§ **Exercise requirements**
Below are entries; copy exactly the lines from the one with "using x_F unfolding" through the one with "using norm_le_if_dID_le a(4) .", both included, and leave out the rest.

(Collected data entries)

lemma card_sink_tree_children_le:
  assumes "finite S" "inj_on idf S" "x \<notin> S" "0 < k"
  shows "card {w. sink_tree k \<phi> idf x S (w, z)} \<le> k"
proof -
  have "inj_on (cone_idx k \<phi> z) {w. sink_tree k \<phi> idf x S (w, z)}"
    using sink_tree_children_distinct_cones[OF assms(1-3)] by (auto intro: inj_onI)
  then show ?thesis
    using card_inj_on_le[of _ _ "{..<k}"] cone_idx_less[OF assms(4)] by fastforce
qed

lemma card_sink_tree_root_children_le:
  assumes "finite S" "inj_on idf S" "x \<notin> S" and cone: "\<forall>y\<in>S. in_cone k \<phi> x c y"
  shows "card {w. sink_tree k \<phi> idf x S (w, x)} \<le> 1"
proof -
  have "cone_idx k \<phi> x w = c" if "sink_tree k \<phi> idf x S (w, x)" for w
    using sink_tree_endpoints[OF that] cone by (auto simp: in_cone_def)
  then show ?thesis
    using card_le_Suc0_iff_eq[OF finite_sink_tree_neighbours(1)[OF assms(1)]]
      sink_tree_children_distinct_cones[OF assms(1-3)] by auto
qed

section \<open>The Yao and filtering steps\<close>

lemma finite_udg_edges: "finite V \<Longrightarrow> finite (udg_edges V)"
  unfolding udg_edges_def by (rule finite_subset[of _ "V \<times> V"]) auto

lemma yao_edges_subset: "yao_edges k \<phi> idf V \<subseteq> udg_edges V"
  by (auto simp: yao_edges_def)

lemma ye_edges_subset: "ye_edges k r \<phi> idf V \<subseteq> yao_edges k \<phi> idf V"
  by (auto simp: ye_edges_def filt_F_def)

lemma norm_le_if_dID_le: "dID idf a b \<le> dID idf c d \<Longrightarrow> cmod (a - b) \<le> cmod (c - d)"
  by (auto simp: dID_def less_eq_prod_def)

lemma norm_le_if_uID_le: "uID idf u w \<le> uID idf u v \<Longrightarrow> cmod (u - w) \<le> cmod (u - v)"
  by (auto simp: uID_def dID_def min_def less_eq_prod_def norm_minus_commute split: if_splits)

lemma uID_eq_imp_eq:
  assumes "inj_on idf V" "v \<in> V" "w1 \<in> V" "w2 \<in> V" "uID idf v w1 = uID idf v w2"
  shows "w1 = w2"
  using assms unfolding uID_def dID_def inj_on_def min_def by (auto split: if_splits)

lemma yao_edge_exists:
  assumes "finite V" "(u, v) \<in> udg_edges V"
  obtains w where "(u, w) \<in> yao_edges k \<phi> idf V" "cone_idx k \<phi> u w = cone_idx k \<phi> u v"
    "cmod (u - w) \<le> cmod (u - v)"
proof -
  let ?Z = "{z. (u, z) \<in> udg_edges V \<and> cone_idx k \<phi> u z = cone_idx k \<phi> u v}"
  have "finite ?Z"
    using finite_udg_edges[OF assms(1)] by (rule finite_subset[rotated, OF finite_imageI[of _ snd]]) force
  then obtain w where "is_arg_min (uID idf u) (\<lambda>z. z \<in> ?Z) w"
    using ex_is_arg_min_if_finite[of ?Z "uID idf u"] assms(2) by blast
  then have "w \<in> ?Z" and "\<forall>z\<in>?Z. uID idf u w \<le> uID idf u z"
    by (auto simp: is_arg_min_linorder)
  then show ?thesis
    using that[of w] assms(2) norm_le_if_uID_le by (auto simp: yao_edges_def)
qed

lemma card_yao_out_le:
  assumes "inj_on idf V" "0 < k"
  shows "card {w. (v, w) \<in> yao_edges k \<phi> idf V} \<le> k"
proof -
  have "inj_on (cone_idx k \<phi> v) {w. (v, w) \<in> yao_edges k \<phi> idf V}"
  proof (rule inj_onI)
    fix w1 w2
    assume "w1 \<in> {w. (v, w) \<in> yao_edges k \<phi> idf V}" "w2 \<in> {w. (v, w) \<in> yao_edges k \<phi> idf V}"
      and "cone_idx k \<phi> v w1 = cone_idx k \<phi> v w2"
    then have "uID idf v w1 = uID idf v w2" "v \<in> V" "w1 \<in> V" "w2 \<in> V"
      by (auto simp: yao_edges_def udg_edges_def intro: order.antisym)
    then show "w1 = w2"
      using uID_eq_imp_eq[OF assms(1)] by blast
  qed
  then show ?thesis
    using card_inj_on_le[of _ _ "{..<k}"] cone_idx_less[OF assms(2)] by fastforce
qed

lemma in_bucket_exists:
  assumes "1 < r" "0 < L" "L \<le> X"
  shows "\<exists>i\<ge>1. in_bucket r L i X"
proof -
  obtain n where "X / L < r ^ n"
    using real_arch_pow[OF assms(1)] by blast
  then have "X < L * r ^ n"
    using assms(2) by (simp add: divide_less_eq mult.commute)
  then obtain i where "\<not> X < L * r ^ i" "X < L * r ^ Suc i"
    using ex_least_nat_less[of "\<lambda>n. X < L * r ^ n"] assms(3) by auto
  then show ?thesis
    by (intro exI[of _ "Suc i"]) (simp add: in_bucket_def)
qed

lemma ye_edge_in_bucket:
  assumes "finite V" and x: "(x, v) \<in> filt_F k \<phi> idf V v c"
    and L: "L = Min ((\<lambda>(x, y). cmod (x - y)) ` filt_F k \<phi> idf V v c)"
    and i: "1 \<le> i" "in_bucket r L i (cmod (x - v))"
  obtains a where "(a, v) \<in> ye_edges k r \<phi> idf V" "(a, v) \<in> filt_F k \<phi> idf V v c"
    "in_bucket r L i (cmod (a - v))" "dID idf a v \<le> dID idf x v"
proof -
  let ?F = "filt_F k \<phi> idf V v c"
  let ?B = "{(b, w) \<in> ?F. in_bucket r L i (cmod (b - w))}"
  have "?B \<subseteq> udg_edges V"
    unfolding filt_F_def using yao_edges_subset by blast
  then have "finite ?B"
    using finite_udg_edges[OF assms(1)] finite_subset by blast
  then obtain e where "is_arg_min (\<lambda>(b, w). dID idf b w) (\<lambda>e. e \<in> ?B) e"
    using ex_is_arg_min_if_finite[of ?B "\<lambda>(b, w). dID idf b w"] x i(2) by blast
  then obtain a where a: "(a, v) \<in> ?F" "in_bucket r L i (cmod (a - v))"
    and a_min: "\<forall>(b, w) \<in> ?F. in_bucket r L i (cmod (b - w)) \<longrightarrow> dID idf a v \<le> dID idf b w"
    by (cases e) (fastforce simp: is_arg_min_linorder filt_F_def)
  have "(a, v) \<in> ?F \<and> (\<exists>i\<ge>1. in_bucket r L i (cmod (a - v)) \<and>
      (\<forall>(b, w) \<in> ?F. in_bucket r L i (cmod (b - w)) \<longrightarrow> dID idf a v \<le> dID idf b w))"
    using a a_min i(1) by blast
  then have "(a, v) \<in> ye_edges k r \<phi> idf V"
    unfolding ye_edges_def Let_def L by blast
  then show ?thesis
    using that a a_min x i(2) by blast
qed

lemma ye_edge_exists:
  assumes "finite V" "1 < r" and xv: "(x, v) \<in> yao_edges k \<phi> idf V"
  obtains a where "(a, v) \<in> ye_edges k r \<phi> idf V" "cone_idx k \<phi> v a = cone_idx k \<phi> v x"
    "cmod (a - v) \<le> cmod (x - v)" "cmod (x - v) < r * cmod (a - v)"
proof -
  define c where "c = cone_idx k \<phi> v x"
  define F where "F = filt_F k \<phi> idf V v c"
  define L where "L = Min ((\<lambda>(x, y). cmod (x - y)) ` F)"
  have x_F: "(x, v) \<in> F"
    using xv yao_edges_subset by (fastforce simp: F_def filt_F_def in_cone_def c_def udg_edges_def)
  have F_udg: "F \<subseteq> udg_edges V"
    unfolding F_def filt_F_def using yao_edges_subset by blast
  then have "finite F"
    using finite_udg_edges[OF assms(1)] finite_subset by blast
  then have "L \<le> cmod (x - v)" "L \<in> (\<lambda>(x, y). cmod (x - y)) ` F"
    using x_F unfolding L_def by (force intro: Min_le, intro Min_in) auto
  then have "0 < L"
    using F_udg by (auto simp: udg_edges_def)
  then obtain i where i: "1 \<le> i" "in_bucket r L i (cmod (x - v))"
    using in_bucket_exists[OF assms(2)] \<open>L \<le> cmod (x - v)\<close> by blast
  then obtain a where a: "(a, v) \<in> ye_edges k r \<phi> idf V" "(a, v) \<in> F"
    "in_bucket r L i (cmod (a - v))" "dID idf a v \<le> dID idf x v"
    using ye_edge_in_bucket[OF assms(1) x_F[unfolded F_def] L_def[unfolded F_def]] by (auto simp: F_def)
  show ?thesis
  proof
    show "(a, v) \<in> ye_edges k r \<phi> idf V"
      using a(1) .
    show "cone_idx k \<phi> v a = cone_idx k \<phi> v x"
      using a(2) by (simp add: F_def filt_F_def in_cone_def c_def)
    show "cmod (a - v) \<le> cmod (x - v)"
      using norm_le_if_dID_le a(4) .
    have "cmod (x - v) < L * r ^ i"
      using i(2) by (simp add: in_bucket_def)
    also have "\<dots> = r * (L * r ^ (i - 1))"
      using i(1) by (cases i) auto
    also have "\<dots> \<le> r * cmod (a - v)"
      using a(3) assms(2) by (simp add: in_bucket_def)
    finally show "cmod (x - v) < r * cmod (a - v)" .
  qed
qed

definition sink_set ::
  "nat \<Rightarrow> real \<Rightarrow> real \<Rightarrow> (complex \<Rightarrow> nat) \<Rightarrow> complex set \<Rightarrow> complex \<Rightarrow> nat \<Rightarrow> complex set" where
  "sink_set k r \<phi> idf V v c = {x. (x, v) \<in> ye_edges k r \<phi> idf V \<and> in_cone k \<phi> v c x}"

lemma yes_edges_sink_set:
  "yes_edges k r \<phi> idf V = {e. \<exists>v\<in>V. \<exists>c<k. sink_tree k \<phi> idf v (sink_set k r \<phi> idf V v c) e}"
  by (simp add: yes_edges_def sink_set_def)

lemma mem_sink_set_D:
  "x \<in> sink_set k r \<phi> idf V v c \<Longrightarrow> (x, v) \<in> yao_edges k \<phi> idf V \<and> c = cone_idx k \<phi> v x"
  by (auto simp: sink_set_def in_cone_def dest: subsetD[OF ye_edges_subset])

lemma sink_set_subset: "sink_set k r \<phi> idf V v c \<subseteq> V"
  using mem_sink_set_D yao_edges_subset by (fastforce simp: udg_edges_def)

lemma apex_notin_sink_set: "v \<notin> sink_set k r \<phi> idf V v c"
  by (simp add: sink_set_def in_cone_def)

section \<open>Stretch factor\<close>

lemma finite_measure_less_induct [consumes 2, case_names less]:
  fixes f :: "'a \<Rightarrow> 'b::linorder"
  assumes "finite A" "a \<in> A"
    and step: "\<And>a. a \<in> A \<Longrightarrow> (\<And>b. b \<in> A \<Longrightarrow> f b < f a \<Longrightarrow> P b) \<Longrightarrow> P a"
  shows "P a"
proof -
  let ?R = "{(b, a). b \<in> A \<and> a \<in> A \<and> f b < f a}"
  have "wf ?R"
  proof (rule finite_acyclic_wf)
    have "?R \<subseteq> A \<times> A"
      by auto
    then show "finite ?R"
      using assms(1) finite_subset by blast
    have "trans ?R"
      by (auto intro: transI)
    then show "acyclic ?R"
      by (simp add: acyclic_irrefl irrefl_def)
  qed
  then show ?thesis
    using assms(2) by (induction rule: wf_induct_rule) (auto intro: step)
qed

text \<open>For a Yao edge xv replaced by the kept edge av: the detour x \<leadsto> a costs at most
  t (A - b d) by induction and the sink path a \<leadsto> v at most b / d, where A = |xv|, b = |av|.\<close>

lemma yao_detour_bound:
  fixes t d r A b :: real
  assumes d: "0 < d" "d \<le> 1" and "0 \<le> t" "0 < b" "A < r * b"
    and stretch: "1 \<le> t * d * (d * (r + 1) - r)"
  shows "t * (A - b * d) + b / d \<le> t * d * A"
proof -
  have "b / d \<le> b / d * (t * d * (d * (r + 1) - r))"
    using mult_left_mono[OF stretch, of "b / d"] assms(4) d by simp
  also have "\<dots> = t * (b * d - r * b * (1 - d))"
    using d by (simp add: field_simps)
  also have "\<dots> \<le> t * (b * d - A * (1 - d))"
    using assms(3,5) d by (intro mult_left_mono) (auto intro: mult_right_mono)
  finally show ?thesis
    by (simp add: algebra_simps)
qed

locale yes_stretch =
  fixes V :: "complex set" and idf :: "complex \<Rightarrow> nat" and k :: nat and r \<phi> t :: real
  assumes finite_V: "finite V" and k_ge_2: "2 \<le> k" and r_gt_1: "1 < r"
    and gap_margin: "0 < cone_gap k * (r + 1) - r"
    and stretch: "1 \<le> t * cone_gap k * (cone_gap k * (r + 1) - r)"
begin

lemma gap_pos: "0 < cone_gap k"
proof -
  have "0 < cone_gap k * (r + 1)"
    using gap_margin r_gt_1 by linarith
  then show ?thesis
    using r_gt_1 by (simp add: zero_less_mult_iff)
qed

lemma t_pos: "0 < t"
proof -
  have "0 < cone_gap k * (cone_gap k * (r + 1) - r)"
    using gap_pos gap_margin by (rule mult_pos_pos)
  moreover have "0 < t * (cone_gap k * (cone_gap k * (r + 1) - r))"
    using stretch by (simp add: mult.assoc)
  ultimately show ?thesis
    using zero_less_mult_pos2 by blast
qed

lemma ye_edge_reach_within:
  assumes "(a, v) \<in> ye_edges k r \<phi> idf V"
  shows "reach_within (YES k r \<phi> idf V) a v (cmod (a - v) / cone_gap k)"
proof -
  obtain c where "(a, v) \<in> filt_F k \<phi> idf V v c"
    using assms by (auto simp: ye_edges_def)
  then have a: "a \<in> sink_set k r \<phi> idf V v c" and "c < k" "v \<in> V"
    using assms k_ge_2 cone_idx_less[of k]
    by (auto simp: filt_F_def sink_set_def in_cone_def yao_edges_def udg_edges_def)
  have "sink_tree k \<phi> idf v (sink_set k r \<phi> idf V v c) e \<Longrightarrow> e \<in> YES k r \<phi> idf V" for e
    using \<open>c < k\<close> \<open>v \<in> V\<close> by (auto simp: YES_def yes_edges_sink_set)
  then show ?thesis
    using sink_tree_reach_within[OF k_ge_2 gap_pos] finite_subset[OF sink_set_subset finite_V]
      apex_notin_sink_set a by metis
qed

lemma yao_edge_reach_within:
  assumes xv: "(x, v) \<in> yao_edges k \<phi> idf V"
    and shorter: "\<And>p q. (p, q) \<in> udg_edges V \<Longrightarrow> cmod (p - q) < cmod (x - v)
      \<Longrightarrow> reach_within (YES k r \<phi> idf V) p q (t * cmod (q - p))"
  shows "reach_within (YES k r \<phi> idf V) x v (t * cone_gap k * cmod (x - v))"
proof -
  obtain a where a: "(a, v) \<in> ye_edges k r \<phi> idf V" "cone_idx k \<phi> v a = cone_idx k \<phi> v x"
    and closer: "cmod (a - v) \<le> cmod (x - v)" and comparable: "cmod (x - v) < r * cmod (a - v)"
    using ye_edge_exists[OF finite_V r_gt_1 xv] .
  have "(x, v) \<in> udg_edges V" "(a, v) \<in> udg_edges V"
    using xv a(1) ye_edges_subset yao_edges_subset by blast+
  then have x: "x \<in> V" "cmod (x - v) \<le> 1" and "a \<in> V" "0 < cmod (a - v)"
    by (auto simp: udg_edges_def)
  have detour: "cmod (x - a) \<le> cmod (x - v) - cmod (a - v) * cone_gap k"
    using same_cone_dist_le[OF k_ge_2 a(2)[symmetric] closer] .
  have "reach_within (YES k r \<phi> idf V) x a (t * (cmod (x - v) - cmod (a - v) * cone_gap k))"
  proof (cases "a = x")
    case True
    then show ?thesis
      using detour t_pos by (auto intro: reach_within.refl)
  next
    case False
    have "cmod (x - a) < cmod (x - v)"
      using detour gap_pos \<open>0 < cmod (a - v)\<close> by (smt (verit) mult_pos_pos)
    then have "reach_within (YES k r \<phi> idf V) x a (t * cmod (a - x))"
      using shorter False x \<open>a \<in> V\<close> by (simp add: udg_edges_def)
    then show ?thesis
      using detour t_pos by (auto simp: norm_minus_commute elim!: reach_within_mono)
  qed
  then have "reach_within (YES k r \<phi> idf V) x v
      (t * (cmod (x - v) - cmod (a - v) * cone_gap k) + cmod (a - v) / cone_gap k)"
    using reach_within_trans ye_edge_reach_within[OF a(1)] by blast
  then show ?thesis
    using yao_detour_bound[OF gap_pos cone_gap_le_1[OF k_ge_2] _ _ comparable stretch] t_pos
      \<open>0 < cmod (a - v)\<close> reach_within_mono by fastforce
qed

§ **Result of the exercise**
    using x_F unfolding L_def by (force intro: Min_le, intro Min_in) auto
  then have "0 < L"
    using F_udg by (auto simp: udg_edges_def)
  then obtain i where i: "1 \<le> i" "in_bucket r L i (cmod (x - v))"
    using in_bucket_exists[OF assms(2)] \<open>L \<le> cmod (x - v)\<close> by blast
  then obtain a where a: "(a, v) \<in> ye_edges k r \<phi> idf V" "(a, v) \<in> F"
    "in_bucket r L i (cmod (a - v))" "dID idf a v \<le> dID idf x v"
    using ye_edge_in_bucket[OF assms(1) x_F[unfolded F_def] L_def[unfolded F_def]] by (auto simp: F_def)
  show ?thesis
  proof
    show "(a, v) \<in> ye_edges k r \<phi> idf V"
      using a(1) .
    show "cone_idx k \<phi> v a = cone_idx k \<phi> v x"
      using a(2) by (simp add: F_def filt_F_def in_cone_def c_def)
    show "cmod (a - v) \<le> cmod (x - v)"
      using norm_le_if_dID_le a(4) .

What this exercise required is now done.